There was a red spot in each of Nolly’s cheeks. Otherwise her face was paper white and looked alarmingly delicate. She was a bunchy little figure in her starched petticoats and her wide-skirted gingham dress, but Fanny knew that when the clothes were stripped off her she was far too thin and light. And her flat little chest was the storing place for too many conflicting emotions.

‘Nolly,’ Fanny said, ‘I will be back for my birthday. You know that, don’t you?’

This was suddenly, to Nolly, an irrefutable argument. Her face lit up, showing its infrequent dazzling prettiness.

‘You will have to be, Cousin Fanny. Because I am making you a present. You wouldn’t be too stupid not to come back for your presents.’

In spite of that victory, Fanny was still not entirely easy about leaving the children. It was only that she wanted so badly to go and see Mr Craike, and besides Hannah had assured her that she was wrong to let the children possess her too much.

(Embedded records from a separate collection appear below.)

text \<open>The square root is |e| times the length of the component of v orthogonal to e.\<close>

lemma exists_unit_orthogonal_attaining:
  fixes e v :: "'a::euclidean_space"
  assumes "DIM('a) \<ge> 2"
  obtains w where "norm w = 1" "w \<bullet> e = 0"
    "norm e * (v \<bullet> w) = sqrt ((norm e)\<^sup>2 * (norm v)\<^sup>2 - (e \<bullet> v)\<^sup>2)"
proof -
  define g where "g = v - (v \<bullet> e / (e \<bullet> e)) *\<^sub>R e"
  have ge: "g \<bullet> e = 0"
    by (cases "e = 0") (simp_all add: g_def inner_diff_left)
  then have vg: "v \<bullet> g = g \<bullet> g"
    by (simp add: g_def inner_diff_left inner_diff_right inner_commute)
  have lagrange: "(norm e)\<^sup>2 * (norm g)\<^sup>2 = (norm e)\<^sup>2 * (norm v)\<^sup>2 - (e \<bullet> v)\<^sup>2"
  proof (cases "e = 0")
    case False
    have "g \<bullet> g = v \<bullet> v - (v \<bullet> e)\<^sup>2 / (e \<bullet> e)"
      by (simp add: vg[symmetric]) (simp add: g_def inner_diff_right power2_eq_square)
    then show ?thesis
      using False by (simp add: power2_norm_eq_inner field_simps inner_commute)
  qed simp
  obtain w where w: "norm w = 1" "w \<bullet> e = 0" and vw: "v \<bullet> w = norm g"
  proof (cases "g = 0")
    case True
    obtain w where w: "norm w = 1" "w \<bullet> e = 0" using exists_unit_orthogonal assms by blast
    have "v = (v \<bullet> e / (e \<bullet> e)) *\<^sub>R e" using True by (simp add: g_def)
    then have "v \<bullet> w = 0" using w(2) by (metis inner_commute inner_scaleR_left mult_zero_right)
    then show ?thesis using that w True by simp
  next
    case False
    then show ?thesis using that[of "g /\<^sub>R norm g"] ge vg
      by (simp add: power2_norm_eq_inner[symmetric] power2_eq_square)
  qed
  have "norm e * (v \<bullet> w) = sqrt ((norm e)\<^sup>2 * (norm g)\<^sup>2)"
    by (simp add: vw real_sqrt_mult)
  then show ?thesis using that w lagrange by simp
qed

lemma midpoint_eq_add_half: "midpoint p q = q + (1 / 2) *\<^sub>R (p - q)"
  by (simp add: midpoint_def scaleR_diff_right scaleR_add_right)
     (metis add_diff_cancel_left' scaleR_half_double scaleR_add_right add.commute diff_add_cancel)

lemma dist_midpoint_add_orthogonal:
  assumes "w \<bullet> (p - q) = 0"
  shows "(dist (midpoint p q + h *\<^sub>R w) p)\<^sup>2 = (dist p q / 2)\<^sup>2 + (h * norm w)\<^sup>2"
proof -
  have half: "midpoint p q - p = (1 / 2) *\<^sub>R (q - p)"
    by (subst midpoint_sym) (simp add: midpoint_eq_add_half)
  have "orthogonal (midpoint p q - p) (h *\<^sub>R w)"
    using assms by (simp add: half orthogonal_def inner_commute inner_diff_left inner_diff_right)
  then have "(norm ((midpoint p q - p) + h *\<^sub>R w))\<^sup>2 = (norm (midpoint p q - p))\<^sup>2 + (norm (h *\<^sub>R w))\<^sup>2"
    by (rule norm_add_Pythagorean)
  then show ?thesis
    by (simp add: dist_norm dist_midpoint(3)[of p q, unfolded dist_norm] algebra_simps power_mult_distrib)
qed

lemma apex_in_Xset:
  assumes "0 < eps" "eps < 2" "norm w = 1" "w \<bullet> (p - q) = 0"
  shows "midpoint p q + (dist p q / 2 * cot (Xset_angle eps)) *\<^sub>R w \<in> Xset eps p q"
proof -
  define s where "s = sin (Xset_angle eps)"
  define h where "h = dist p q / 2 * cot (Xset_angle eps)"
  define x where "x = midpoint p q + h *\<^sub>R w"
  have s0: "0 < s" using sin_Xset_angle_pos assms by (simp add: s_def)
  have "(dist p q / 2)\<^sup>2 + h\<^sup>2 = (dist p q / 2)\<^sup>2 * (1 + (cot (Xset_angle eps))\<^sup>2)"
    by (simp add: h_def power_mult_distrib power_divide algebra_simps)
  also have "1 + (cot (Xset_angle eps))\<^sup>2 = 1 / s\<^sup>2"
    using s0 sin_cos_squared_add[of "Xset_angle eps"]
    by (simp add: s_def cot_def power_divide field_simps)
  finally have radius: "(dist p q / 2)\<^sup>2 + h\<^sup>2 = (dist p q / (2 * s))\<^sup>2"
    by (simp add: power_divide power_mult_distrib)
  have "(dist x p)\<^sup>2 = (dist p q / (2 * s))\<^sup>2" "(dist x q)\<^sup>2 = (dist p q / (2 * s))\<^sup>2"
    using dist_midpoint_add_orthogonal[of w p q h] dist_midpoint_add_orthogonal[of w q p h] assms(3,4)
    by (simp_all add: x_def radius midpoint_sym dist_commute inner_diff_right)
  then show ?thesis using assms s0 by (simp add: Xset_altdef x_def h_def s_def)
qed

lemma outside_Xset_balls_inner_bound:
  assumes "0 < eps" "eps < 2" "norm w = 1" "w \<bullet> (p - q) = 0"
    and outside: "\<forall>x \<in> Xset eps p q. z \<notin> cball x (dist x q)"
  shows "(p - q) \<bullet> (z - q) + dist p q * cot (Xset_angle eps) * ((z - q) \<bullet> w)
           < (norm (z - q))\<^sup>2"
proof -
  define h where "h = dist p q / 2 * cot (Xset_angle eps)"
  define m where "m = (1 / 2) *\<^sub>R (p - q) + h *\<^sub>R w"
  have "q + m = midpoint p q + h *\<^sub>R w"
    by (simp add: m_def midpoint_eq_add_half)
  then have "q + m \<in> Xset eps p q"
    using apex_in_Xset[OF assms(1-4)] by (simp add: h_def)
  then have "dist (q + m) q < dist (q + m) z"
    using outside by (auto simp: not_le)
  then have "(norm m)\<^sup>2 < (norm ((z - q) - m))\<^sup>2"
    by (simp add: dist_norm norm_minus_commute algebra_simps power_strict_mono)
  also have "\<dots> = (norm (z - q))\<^sup>2 - 2 * ((z - q) \<bullet> m) + (norm m)\<^sup>2"
    by (simp add: power2_norm_eq_inner inner_diff_left inner_diff_right inner_commute)
  finally have "2 * ((z - q) \<bullet> m) < (norm (z - q))\<^sup>2" by simp
  moreover have "2 * ((z - q) \<bullet> m) = (p - q) \<bullet> (z - q) + 2 * h * ((z - q) \<bullet> w)"
    by (simp add: m_def inner_add_right inner_commute)
  ultimately show ?thesis by (simp add: h_def)
qed

lemma outside_Xset_balls_sin_bound:
  fixes p q z :: "'a::euclidean_space"
  assumes "DIM('a) \<ge> 2" "0 < eps" "eps < 2" "p \<noteq> q"
    and outside: "\<forall>x \<in> Xset eps p q. z \<notin> cball x (dist x q)"
  shows "sin (vertex_angle p q z + Xset_angle eps)
           < dist z q / dist p q * sin (Xset_angle eps)"
proof -
  define L where "L = dist p q"
  define r where "r = dist z q"
  define \<phi> where "\<phi> = vertex_angle p q z"
  define \<alpha> where "\<alpha> = Xset_angle eps"
  have L0: "0 < L" using assms(4) by (simp add: L_def)
  have s0: "0 < sin \<alpha>" using sin_Xset_angle_pos assms(2,3) by (simp add: \<alpha>_def)
  obtain w where w: "norm w = 1" "w \<bullet> (p - q) = 0"
    and "norm (p - q) * ((z - q) \<bullet> w) = norm (p - q) * norm (z - q) * sin (vertex_angle p q z)"
    by (rule exists_unit_orthogonal_attaining[OF assms(1), of "p - q" "z - q",
                                              unfolded gram_sqrt_eq_sin_vertex_angle])
  then have vw: "(z - q) \<bullet> w = r * sin \<phi>"
    using L0 by (simp add: L_def r_def \<phi>_def dist_norm)
  have "L * r * cos \<phi> + L * cot \<alpha> * (r * sin \<phi>) < r\<^sup>2"
    using outside_Xset_balls_inner_bound[OF assms(2,3) w outside]
    by (simp only: vw inner_eq_cos_vertex_angle[of p q z] L_def r_def \<phi>_def \<alpha>_def dist_norm)
  then have "(L * r * cos \<phi> + L * cot \<alpha> * (r * sin \<phi>)) * sin \<alpha> < r\<^sup>2 * sin \<alpha>"
    using s0 by (rule mult_strict_right_mono)
  moreover have "(L * r * cos \<phi> + L * cot \<alpha> * (r * sin \<phi>)) * sin \<alpha> = L * r * sin (\<phi> + \<alpha>)"
    using s0 by (simp add: sin_add cot_def field_simps)
  ultimately have "L * r * sin (\<phi> + \<alpha>) < r * (r * sin \<alpha>)"
    by (simp add: power2_eq_square mult_ac)
  moreover have "0 < r"
    using \<open>L * r * cos \<phi> + L * cot \<alpha> * (r * sin \<phi>) < r\<^sup>2\<close> zero_le_dist[of z q]
    by (cases "r = 0") (auto simp: r_def)
  ultimately have "sin (\<phi> + \<alpha>) < r / L * sin \<alpha>"
    using L0 by (simp add: field_simps)
  then show ?thesis by (simp add: L_def r_def \<phi>_def \<alpha>_def)
qed

lemma pi_half_minus_add_arccos_lt_of_sin_add_lt:
  fixes \<phi> \<alpha> m :: real
  assumes "0 \<le> \<phi>" "\<phi> \<le> pi" "0 < \<alpha>" "\<alpha> < pi / 2" "0 < m" "m \<le> 1"
    and sin_lt: "sin (\<phi> + \<alpha>) < m * sin \<alpha>"
  shows "pi / 2 - \<alpha> + arccos (m * sin \<alpha>) < \<phi>"
proof -
  have sin_\<alpha>: "0 < sin \<alpha>" "sin \<alpha> \<le> 1" using assms(3,4) pi_gt3 by (simp_all add: sin_gt_zero)
  have "pi / 2 < \<phi> + \<alpha>"
  proof (rule ccontr)
    assume "\<not> ?thesis"
    then have "sin \<alpha> \<le> sin (\<phi> + \<alpha>)" using assms by (intro sin_monotone_2pi_le) auto
    moreover have "m * sin \<alpha> \<le> sin \<alpha>" using sin_\<alpha> assms(6) by (simp add: mult_left_le_one_le)
    ultimately show False using sin_lt by linarith
  qed
  define \<theta> where "\<theta> = \<phi> + \<alpha> - pi / 2"
  have \<theta>: "0 \<le> \<theta>" "\<theta> \<le> pi" using assms \<open>pi / 2 < \<phi> + \<alpha>\<close> by (auto simp: \<theta>_def)
  have "cos \<theta> = sin (\<phi> + \<alpha>)"
    by (simp add: \<theta>_def cos_diff)
  have m_sin: "-1 \<le> m * sin \<alpha>" "m * sin \<alpha> \<le> 1"
    using sin_\<alpha> assms(5,6) mult_pos_pos[of m "sin \<alpha>"] mult_le_one[of m "sin \<alpha>"] by linarith+
  have "cos \<theta> < cos (arccos (m * sin \<alpha>))"
    using m_sin sin_lt \<open>cos \<theta> = sin (\<phi> + \<alpha>)\<close> by simp
  then have "arccos (m * sin \<alpha>) < \<theta>"
    using \<theta> arccos_bounded[OF m_sin] by (subst (asm) cos_mono_less_eq) auto
  then show ?thesis by (simp add: \<theta>_def)
qed

lemma compatible_vertex_angle_gt:
  fixes a b c :: "'a::euclidean_space"
  assumes "DIM('a) \<ge> 2" "0 < eps" "eps < sqrt 2" "a \<noteq> b" "b \<noteq> c"
    and "compatible eps a b c"
  shows "pi / 2 - Xset_angle eps
           + arccos (min (dist c b / dist a b) (dist a b / dist c b) * sin (Xset_angle eps))
         < vertex_angle a b c"
proof (rule pi_half_minus_add_arccos_lt_of_sin_add_lt)
  have eps2: "eps < 2" using assms(3) sqrt2_less_2 by linarith
  have "Xset eps b c = Xset eps c b" by (auto simp: Xset_def dist_commute)
  then have "sin (vertex_angle a b c + Xset_angle eps) < dist c b / dist a b * sin (Xset_angle eps)"
       and "sin (vertex_angle a b c + Xset_angle eps) < dist a b / dist c b * sin (Xset_angle eps)"
    using outside_Xset_balls_sin_bound[OF assms(1,2) eps2, of a b c]
          outside_Xset_balls_sin_bound[OF assms(1,2) eps2, of c b a]
          assms(4-6) vertex_angle_commute[of c b a]
    by (auto simp: compatible_def)
  then show "sin (vertex_angle a b c + Xset_angle eps)
               < min (dist c b / dist a b) (dist a b / dist c b) * sin (Xset_angle eps)"
    by (simp add: min_def)
  show "0 < min (dist c b / dist a b) (dist a b / dist c b)"
    using assms(4,5) by simp
  show "min (dist c b / dist a b) (dist a b / dist c b) \<le> 1"
    using assms(4,5) by (cases "dist c b \<le> dist a b") (auto simp: min_le_iff_disj)
qed (use vertex_angle_bounds Xset_angle_bounds[OF assms(2,3)] in auto)

text \<open>0.6728 is just below 38.55\<degree> in radians.\<close>

lemma cos_0_6728_lt: "cos (0.6728::real) < 0.7822"
proof -
  define y :: real where "y = 0.6728"
  obtain t where "cos y = (\<Sum>m<8. cos_coeff m * y ^ m) + cos (t + 1 / 2 * real 8 * pi) / fact 8 * y ^ 8"
    using Maclaurin_cos_expansion2[of y 8] by (auto simp: y_def)
  moreover have "(\<Sum>m<8. cos_coeff m * y ^ m) = 1 - y\<^sup>2 / 2 + y ^ 4 / 24 - y ^ 6 / 720"
    by (simp add: lessThan_nat_numeral cos_coeff_def fact_numeral)
  moreover have "cos (t + 1 / 2 * real 8 * pi) / fact 8 * y ^ 8 \<le> y ^ 8 / 40320"
    by (simp add: fact_numeral y_def)
  moreover have "1 - y\<^sup>2 / 2 + y ^ 4 / 24 - y ^ 6 / 720 + y ^ 8 / 40320 < 0.7822"
    by (simp add: y_def power_divide)
  ultimately show ?thesis by (simp add: y_def)
qed

lemma less_sqrt_2_of_le_0_66:
  assumes "eps \<le> (0.66::real)"
  shows "eps < sqrt 2"
proof -
  have "eps < 1" "1 < sqrt (2::real)" using assms by simp_all
  then show ?thesis by linarith
qed

lemma cos_Xset_angle_ge:
  assumes "0 < eps" "eps \<le> 0.66"
  shows "0.7822 \<le> cos (Xset_angle eps)"
proof -
  have "eps\<^sup>2 \<le> 0.66\<^sup>2" using assms by (intro power_mono) auto
  then show ?thesis using assms by (simp add: cos_Xset_angle power_divide)
qed

lemma Xset_angle_lt:
  assumes "0 < eps" "eps \<le> 0.66"
  shows "Xset_angle eps < 38.55 * pi / 180"
proof -
  have deg: "0.6728 \<le> 38.55 * pi / 180" "38.55 * pi / 180 \<le> pi"
    using pi_approx by auto
  have "cos (38.55 * pi / 180) \<le> cos 0.6728"
    using deg by (intro cos_monotone_0_pi_le) auto
  also have "\<dots> < cos (Xset_angle eps)"
    using cos_0_6728_lt cos_Xset_angle_ge[OF assms] by linarith
  finally have "cos (38.55 * pi / 180) < cos (Xset_angle eps)" .
  moreover have "eps < sqrt 2" using assms(2) by (rule less_sqrt_2_of_le_0_66)
  ultimately show ?thesis
    using deg Xset_angle_bounds[OF assms(1)] by (subst (asm) cos_mono_less_eq) auto
qed

lemma sin_Xset_angle_le:
  assumes "0 < eps" "eps \<le> 0.66"
  shows "sin (Xset_angle eps) \<le> 0.6231"
proof -
  have "0.7822\<^sup>2 \<le> (cos (Xset_angle eps))\<^sup>2"
    using cos_Xset_angle_ge[OF assms] by (intro power_mono) auto
  then have "(sin (Xset_angle eps))\<^sup>2 \<le> 0.6231\<^sup>2"
    by (simp add: sin_squared_eq power_divide)
  then show ?thesis by (rule power2_le_imp_le) simp
qed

‘You’re only making a rod for your back, Miss Fanny,’ she said. She looked round quickly to see that no one else was within hearing, and added, ‘You know what it’s been, running errands for Miss Amelia all your life, and now being tied to the nursery when you should be living your own life. All this nonsense about not getting a husband. You had only to see how that gentleman from China was turned silly about you, so why shouldn’t others be. You ought to be thinking of children of your own, Miss Fanny.’

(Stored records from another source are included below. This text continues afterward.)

lemma Y_uminus_left: "Y F (- a) r s b = - Y F a r s b"
  using Y_linear_left[unfolded linear_iff_module_hom] by (rule module_hom.neg)

lemma phi_zero [simp]: "phi F 0 = 0"
  using phi_add[of 0 0] by simp

lemma form_add_left: "form F (x + y) v = form F x v + form F y v"
  using form_scale_add_left[of 1 x y v] by simp

lemma form_zero_left [simp]: "form F 0 v = 0"
  using form_add_left[of 0 0 v] by simp

lemma form_uminus_left: "form F (- x) v = - form F x v"
  using form_add_left[of x "- x" v] by (simp add: eq_neg_iff_add_eq_0 add.commute)

lemma form_add_right: "form F v (x + y) = form F v x + form F v y"
  using form_add_left form_commute by metis

lemma form_scale_right: "form F v (sc F c x) = c * form F v x"
  using form_scale_add_left[of c x 0 v] form_commute by (metis add_0_right form_zero_left)

lemma form_phi_nonneg: "0 \<le> Re (form F (phi F u) u)"
  using form_phi_pos[of u] by (cases "u = 0") auto

definition adjoint :: "('v \<Rightarrow> 'v) \<Rightarrow> ('v \<Rightarrow> 'v) \<Rightarrow> bool" where
  "adjoint A B \<longleftrightarrow> (\<forall>x y. form F (phi F x) (A y) = form F (phi F (B x)) y)"

lemma anticommutator_eigenvalue_nonneg:
  assumes "adjoint A B" "adjoint B A"
    and eigen: "A (B v) + B (A v) = sc F (complex_of_real e) v" and "v \<noteq> 0"
  shows "0 \<le> e"
proof -
  have "complex_of_real e * form F (phi F v) v = form F (phi F v) (A (B v) + B (A v))"
    by (simp add: eigen form_scale_right)
  also have "\<dots> = form F (phi F (B v)) (B v) + form F (phi F (A v)) (A v)"
    using assms(1,2) by (simp add: adjoint_def form_add_right)
  finally have "Re (complex_of_real e * form F (phi F v) v)
      = Re (form F (phi F (B v)) (B v)) + Re (form F (phi F (A v)) (A v))"
    by simp
  then have "e * Re (form F (phi F v) v) \<ge> 0"
    using form_phi_nonneg[of "A v"] form_phi_nonneg[of "B v"] by simp
  moreover have "Re (form F (phi F v) v) > 0"
    using form_phi_pos \<open>v \<noteq> 0\<close> by blast
  ultimately show ?thesis
    by (simp add: zero_le_mult_iff)
qed

lemma tau_quasi_primary:
  shows "Lm F 1 (taup F) = 0" "Lm F 1 (taum F) = 0" "Lbm F 1 (taubp F) = 0" "Lbm F 1 (taubm F) = 0"
    and "Lbm F 1 (taup F) = 0" "Lbm F 1 (taum F) = 0" "Lm F 1 (taubp F) = 0" "Lm F 1 (taubm F) = 0"
proof -
  \<comment> \<open>\<open>tau = G_{-3/2} 1\<close> and \<open>[L_1, G_{-3/2}] = 2 G_{-1/2}\<close>; both \<open>G_{-1/2}\<close> and \<open>L_1\<close> kill the vacuum\<close>
  have vac: "Lm F 1 (vac F) = 0" "Lbm F 1 (vac F) = 0"
    by (simp_all add: Lm_def Lbm_def Y_vac_vanishes)
  note modes = Gp_def Gm_def Gbp_def Gbm_def hi_def Y_vac Y_vac_vanishes vac
  show "Lm F 1 (taup F) = 0" "Lm F 1 (taum F) = 0" "Lbm F 1 (taubp F) = 0" "Lbm F 1 (taubm F) = 0"
    using L_Gp_commutator[of 1 "-2" "vac F"] L_Gm_commutator[of 1 "-2" "vac F"]
      Lb_Gbp_commutator[of 1 "-2" "vac F"] Lb_Gbm_commutator[of 1 "-2" "vac F"]
    by (simp_all add: modes)
  show "Lbm F 1 (taup F) = 0" "Lbm F 1 (taum F) = 0" "Lm F 1 (taubp F) = 0" "Lm F 1 (taubm F) = 0"
    using Lb_Gp_commute[of 1 "-2" "vac F"] Lb_Gm_commute[of 1 "-2" "vac F"]
      L_Gbp_commute[of 1 "-2" "vac F"] L_Gbm_commute[of 1 "-2" "vac F"]
    by (simp_all add: modes)
qed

‘Bless you, Hannah. I don’t know why I worry about Nolly when you’re here. It’s only if she gets one of her frights—’

‘And them all imagination!’ Hannah said briskly. ‘It’s a pity she ever heard that old story about the bird in the chimney. I know it can be scary for a child. You found it scary yourself when you were a little one. But if you ask me, half Miss Nolly’s frights are invented.’ Hannah shook her grey head wisely. ‘She sees she gets plenty of attention from them.’

‘Perhaps you’re right, Hannah. Anyway, she’s convinced, for some reason, that I’m stupid. Perhaps that’s the reason.’

Fanny wanted so much to be convinced that she allowed herself to be. The children could come to no harm in three days. Dora would sleep in the nursery with them. Hannah would be within call.

But in the late afternoon of the day before her departure everything changed. Nolly and Marcus went to Lady Arabella’s room as usual, Nolly to work on the mysterious birthday present, and Marcus to amuse himself with whatever new fascinating object Lady Arabella might produce.

A few minutes later there were piercing screams.

When Fanny rushed into the room it was difficult to get a coherent story from anybody. Lady Arabella was just shuffling on her sticks from her bedroom, the lamps had not been lit, and the living room with its claustrophobic collection of furniture and knick-knacks was in gloom. Nolly was standing in the middle of the room screaming with terrifying regularity. Her figure was rigid. As that other day by the lake, she obviously was in no condition to say what had happened, and it was left for Marcus, beginning to sob with infectious fear, to stutter that Nolly had touched the bird.